У Анастасии не нашлось сил для возмущения, и она вяло махнула рукой.
– Алкаш. Ну наливай, что ли. Устала я с тобой воевать…
1999, сентябрь
Чиновница ЗАГСа – молодящаяся дама в розовом костюме, с замысловатой объёмной причёской (шиньон напялила, не иначе, подумали оба) – заполняла, никуда не торопясь, необходимые бумаги, ставила печати и время от времени отвлекалась на служебный телефон.
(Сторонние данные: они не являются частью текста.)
(* Let $\mathfrak{R}=(G,G',S,\phi,\rho,\delta)$ be a reconciliation and $x\in V(G)$. If $x\in\Sigma(\mathfrak{R})$, then $x\in\Sigma(\mathfrak{R}_{lca})$ and $\rho(x)=\rho_{lca}(x)$.
   Context: All trees are rooted binary trees whose root node has degree 1; every other non-leaf node $x$ has exactly two children $x_l,x_r$. For nodes of a rooted tree, $y\le x$ means $x$ lies on the path from $y$ to the root. $G$ is a gene tree, $S$ a species tree, $\phi:L(G)\to L(S)$, with the standing assumption that the last common ancestor in $S$ of $\phi(L(G))$ is the unique child of $root(S)$. A tree $G'$ is an extension of $G$ if $G$ is obtained from $G'$ by pruning some subtrees and suppressing degree-2 nodes; $V(G)\subseteq V(G')$. A map $\rho:V(G')\to V(S)$ is consistent with $S$ if $\rho(root(G'))=root(S)$ and every node $x$ of $G'$ with two children satisfies (D) $\rho(x)=\rho(x_l)=\rho(x_r)$ or (S) $\rho(x)_l=\rho(x_l)$ and $\rho(x)_r=\rho(x_r)$. A DL reconciliation is $(G,G',S,\phi,\rho)$ with $G'$ an extension of $G$, $\rho$ consistent, $\rho|_{L(G)}=\phi$. A reconciliation additionally has an injective partial function $\delta$ from duplications to losses ($L(G')\setminus L(G)$) with $\rho(x)=\rho(\delta(x))$. Duplications $\Delta$ are nodes with two children satisfying (D); speciations $\Sigma$ those satisfying (S). For $x\in V(G)$, $\rho_{lca}(x)$ is the last common ancestor in $S$ of $\{\phi(l): l\in L(G), l\le x\}$; the LCA reconciliation $\mathfrak{R}_{lca}$ is the DL reconciliation (with empty $\delta$) whose map agrees with $\rho_{lca}$ on $V(G)$ and which has the minimum number of losses among such DL reconciliations. *)

theory Defs
  imports Main
begin

text \<open>A rooted tree is represented by its root and a partial parent map.
  The node set is the root together with the domain of the parent map.\<close>

type_synonym 'a tree = "'a \<times> ('a \<rightharpoonup> 'a)"

definition troot :: "'a tree \<Rightarrow> 'a" where
  "troot T = fst T"

definition tpar :: "'a tree \<Rightarrow> 'a \<rightharpoonup> 'a" where
  "tpar T = snd T"

definition tV :: "'a tree \<Rightarrow> 'a set" where
  "tV T = insert (troot T) (dom (tpar T))"

definition children :: "'a tree \<Rightarrow> 'a \<Rightarrow> 'a set" where
  "children T x = {y. tpar T y = Some x}"

text \<open>tleq T y x  means  y \<le> x, i.e. x lies on the path from y to the root.\<close>
definition tleq :: "'a tree \<Rightarrow> 'a \<Rightarrow> 'a \<Rightarrow> bool" where
  "tleq T y x \<longleftrightarrow> (y, x) \<in> {(a, b). tpar T a = Some b}\<^sup>*"

definition leaves :: "'a tree \<Rightarrow> 'a set" where
  "leaves T = {x \<in> tV T. children T x = {}}"

definition is_tree :: "'a tree \<Rightarrow> bool" where
  "is_tree T \<longleftrightarrow>
     finite (dom (tpar T)) \<and> troot T \<notin> dom (tpar T) \<and> ran (tpar T) \<subseteq> tV T \<and>
     (\<forall>x\<in>tV T. tleq T x (troot T)) \<and>
     card (children T (troot T)) = 1 \<and>
     (\<forall>x\<in>tV T - {troot T}. card (children T x) = 0 \<or> card (children T x) = 2)"

definition lca :: "'a tree \<Rightarrow> 'a set \<Rightarrow> 'a" where
  "lca T A = (THE x. x \<in> tV T \<and> (\<forall>a\<in>A. tleq T a x) \<and>
                 (\<forall>y\<in>tV T. (\<forall>a\<in>A. tleq T a y) \<longrightarrow> tleq T x y))"

definition prune_step :: "'a tree \<Rightarrow> 'a tree \<Rightarrow> bool" where
  "prune_step T T' \<longleftrightarrow> (\<exists>v\<in>tV T. v \<noteq> troot T \<and>
      T' = (troot T, \<lambda>y. if tleq T y v then None else tpar T y))"

definition suppress_step :: "'a tree \<Rightarrow> 'a tree \<Rightarrow> bool" where
  "suppress_step T T' \<longleftrightarrow> (\<exists>u\<in>tV T. u \<noteq> troot T \<and> (\<exists>w. children T u = {w}) \<and>
      T' = (troot T, (\<lambda>y. if tpar T y = Some u then tpar T u else tpar T y)(u := None)))"

definition ext_step :: "'a tree \<Rightarrow> 'a tree \<Rightarrow> bool" where
  "ext_step T T' \<longleftrightarrow> prune_step T T' \<or> suppress_step T T'"

text \<open>G' is an extension of G: G is obtained from G' by pruning subtrees and suppressing
  degree-2 nodes (node names are preserved, so V(G) \<subseteq> V(G')).\<close>
definition is_extension :: "'a tree \<Rightarrow> 'a tree \<Rightarrow> bool" where
  "is_extension G' G \<longleftrightarrow> is_tree G' \<and> is_tree G \<and> ext_step\<^sup>*\<^sup>* G' G"

definition is_dup :: "'a tree \<Rightarrow> 'b tree \<Rightarrow> ('a \<Rightarrow> 'b) \<Rightarrow> 'a \<Rightarrow> bool" where
  "is_dup T S \<rho> x \<longleftrightarrow> card (children T x) = 2 \<and> (\<forall>y\<in>children T x. \<rho> y = \<rho> x)"

definition is_spec :: "'a tree \<Rightarrow> 'b tree \<Rightarrow> ('a \<Rightarrow> 'b) \<Rightarrow> 'a \<Rightarrow> bool" where
  "is_spec T S \<rho> x \<longleftrightarrow> card (children T x) = 2 \<and> card (children S (\<rho> x)) = 2 \<and>
      \<rho> ` children T x = children S (\<rho> x)"

definition consistent :: "'a tree \<Rightarrow> 'b tree \<Rightarrow> ('a \<Rightarrow> 'b) \<Rightarrow> bool" where
  "consistent G' S \<rho> \<longleftrightarrow> \<rho> (troot G') = troot S \<and> (\<forall>x\<in>tV G'. \<rho> x \<in> tV S) \<and>
     (\<forall>x\<in>tV G'. card (children G' x) = 2 \<longrightarrow> is_dup G' S \<rho> x \<or> is_spec G' S \<rho> x)"

definition Delta :: "'a tree \<Rightarrow> 'b tree \<Rightarrow> ('a \<Rightarrow> 'b) \<Rightarrow> 'a set" where
  "Delta G' S \<rho> = {x \<in> tV G'. is_dup G' S \<rho> x}"

definition Sigma :: "'a tree \<Rightarrow> 'b tree \<Rightarrow> ('a \<Rightarrow> 'b) \<Rightarrow> 'a set" where
  "Sigma G' S \<rho> = {x \<in> tV G'. is_spec G' S \<rho> x}"

definition losses :: "'a tree \<Rightarrow> 'a tree \<Rightarrow> 'a set" where
  "losses G G' = leaves G' - leaves G"

definition dl_reconciliation ::
  "'a tree \<Rightarrow> 'a tree \<Rightarrow> 'b tree \<Rightarrow> ('a \<Rightarrow> 'b) \<Rightarrow> ('a \<Rightarrow> 'b) \<Rightarrow> bool" where
  "dl_reconciliation G G' S \<phi> \<rho> \<longleftrightarrow> is_tree S \<and> is_extension G' G \<and> consistent G' S \<rho> \<and>
     (\<forall>l\<in>leaves G. \<rho> l = \<phi> l)"

definition reconciliation ::
  "'a tree \<Rightarrow> 'a tree \<Rightarrow> 'b tree \<Rightarrow> ('a \<Rightarrow> 'b) \<Rightarrow> ('a \<Rightarrow> 'b) \<Rightarrow> ('a \<rightharpoonup> 'a) \<Rightarrow> bool" where
  "reconciliation G G' S \<phi> \<rho> \<delta> \<longleftrightarrow> dl_reconciliation G G' S \<phi> \<rho> \<and>
     dom \<delta> \<subseteq> Delta G' S \<rho> \<and> ran \<delta> \<subseteq> losses G G' \<and> inj_on \<delta> (dom \<delta>) \<and>
     (\<forall>x\<in>dom \<delta>. \<rho> (the (\<delta> x)) = \<rho> x)"

definition rho_lca :: "'a tree \<Rightarrow> 'b tree \<Rightarrow> ('a \<Rightarrow> 'b) \<Rightarrow> 'a \<Rightarrow> 'b" where
  "rho_lca G S \<phi> x = lca S (\<phi> ` {l \<in> leaves G. tleq G l x})"

definition lca_reconciliation ::
  "'a tree \<Rightarrow> 'a tree \<Rightarrow> 'b tree \<Rightarrow> ('a \<Rightarrow> 'b) \<Rightarrow> ('a \<Rightarrow> 'b) \<Rightarrow> bool" where
  "lca_reconciliation G G' S \<phi> \<rho> \<longleftrightarrow>
     dl_reconciliation G G' S \<phi> \<rho> \<and> (\<forall>x\<in>tV G. \<rho> x = rho_lca G S \<phi> x) \<and>
     (\<forall>G2 \<rho>2. dl_reconciliation G G2 S \<phi> \<rho>2 \<and> (\<forall>x\<in>tV G. \<rho>2 x = rho_lca G S \<phi> x) \<longrightarrow>
        card (losses G G') \<le> card (losses G G2))"

definition standing :: "'a tree \<Rightarrow> 'b tree \<Rightarrow> ('a \<Rightarrow> 'b) \<Rightarrow> bool" where
  "standing G S \<phi> \<longleftrightarrow> \<phi> ` leaves G \<subseteq> leaves S \<and>
     lca S (\<phi> ` leaves G) \<in> children S (troot S)"

end

(*
  Extensions of G are characterised intrinsically: G' is an extension of G iff G' displays G,
  i.e. G is G' with nodes deleted, keeping the root, the ancestor order and all branch points.

  Let x in V(G) be a speciation of a reconciliation rho. Its two children a, b in G lie below the
  two distinct children of x in G', which rho maps onto the two children t1, t2 of rho x. Hence
  the leaves below a map below t1 and those below b below t2, so the lca of the leaves below x is
  rho x. For an LCA reconciliation rho2 the images of a and b therefore still lie below t1 and t2.
  If x were a duplication of rho2, walk up in G2 from a (from b) towards x and let d (e) be the
  node just below the first node mapped to rho x; consistency forces rho2 d = t1 and rho2 e = t2.
  Regrafting d and e directly below x, dropping everything else strictly below x, yields a
  reconciliation of G with rho2 in which x is a speciation. The old parent of d
  is dropped together with the subtree of its other child, which contains a loss, so the number
  of losses strictly decreases, contradicting minimality.
*)
theory Submission
  imports Defs
begin

section \<open>Rooted trees\<close>

definition parent_rel :: "'a tree \<Rightarrow> ('a \<times> 'a) set" where
  "parent_rel T = {(a, b). tpar T a = Some b}"

lemma parent_rel_iff[simp]: "(a, b) \<in> parent_rel T \<longleftrightarrow> tpar T a = Some b"
  by (simp add: parent_rel_def)

lemma tleq_iff_rtrancl: "tleq T y x \<longleftrightarrow> (y, x) \<in> (parent_rel T)\<^sup>*"
  by (simp add: tleq_def parent_rel_def)

lemma single_valued_parent_rel: "single_valued (parent_rel T)"
  by (auto simp: single_valued_def)

definition rooted_tree :: "'a tree \<Rightarrow> bool" where
  "rooted_tree T \<longleftrightarrow> finite (dom (tpar T)) \<and> troot T \<notin> dom (tpar T) \<and> ran (tpar T) \<subseteq> tV T \<and>
     (\<forall>x\<in>tV T. tleq T x (troot T))"

lemma is_tree_rooted: "is_tree T \<Longrightarrow> rooted_tree T"
  by (simp add: is_tree_def rooted_tree_def)

lemma root_parent_None: "rooted_tree T \<Longrightarrow> tpar T (troot T) = None"
  unfolding rooted_tree_def by blast

lemma tleq_root: "rooted_tree T \<Longrightarrow> x \<in> tV T \<Longrightarrow> tleq T x (troot T)"
  unfolding rooted_tree_def by blast

lemma parent_in_tV: "rooted_tree T \<Longrightarrow> tpar T c = Some y \<Longrightarrow> y \<in> tV T"
  unfolding rooted_tree_def ran_def by blast

lemma child_in_tV: "tpar T c = Some y \<Longrightarrow> c \<in> tV T"
  by (auto simp: tV_def)

lemma troot_in_tV[simp]: "troot T \<in> tV T"
  by (simp add: tV_def)

lemma nonroot_has_parent: "y \<in> tV T \<Longrightarrow> y \<noteq> troot T \<Longrightarrow> \<exists>z. tpar T y = Some z"
  unfolding tV_def by blast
Наконец она подняла голову, посмотрела на сидящих перед ней безразличными глазами служебного робота и протянула паспорта с вложенными в них Свидетельствами о разводе.
– Пожалуйста…
В одно-единственное слово розовая делопроизводительница ухитрилась воткнуть целый калейдоскоп интонаций: насмешку, сарказм, ироничное сочувствие и равнодушное презрение. Ещё бы: очередная, чёрт знает какая по счёту в в её карьере желторотая парочка, не дотянувшая даже до ситцевой свадьбы. Не рекорд, конечно, но, когда семейный стаж исчисляется считанными месяцами, это как то даже неприлично. Так думала чиновница, глядя на закрывшуюся за посетителями дверь. О том, что у неё самой пара мужей в биографии, а ныне в наличии лишь женатый любовник со своими всё более редкими визитами, вспоминать не хотелось. Пустой, суетливый и болтливый до тошноты, но на безрыбье, как говорится, любого стерпишь… Интересно, заявится завтра, как обещал (с тюльпаном и четвертинкой коньяка), или вновь сошлётся на сверхурочную запарку на службе?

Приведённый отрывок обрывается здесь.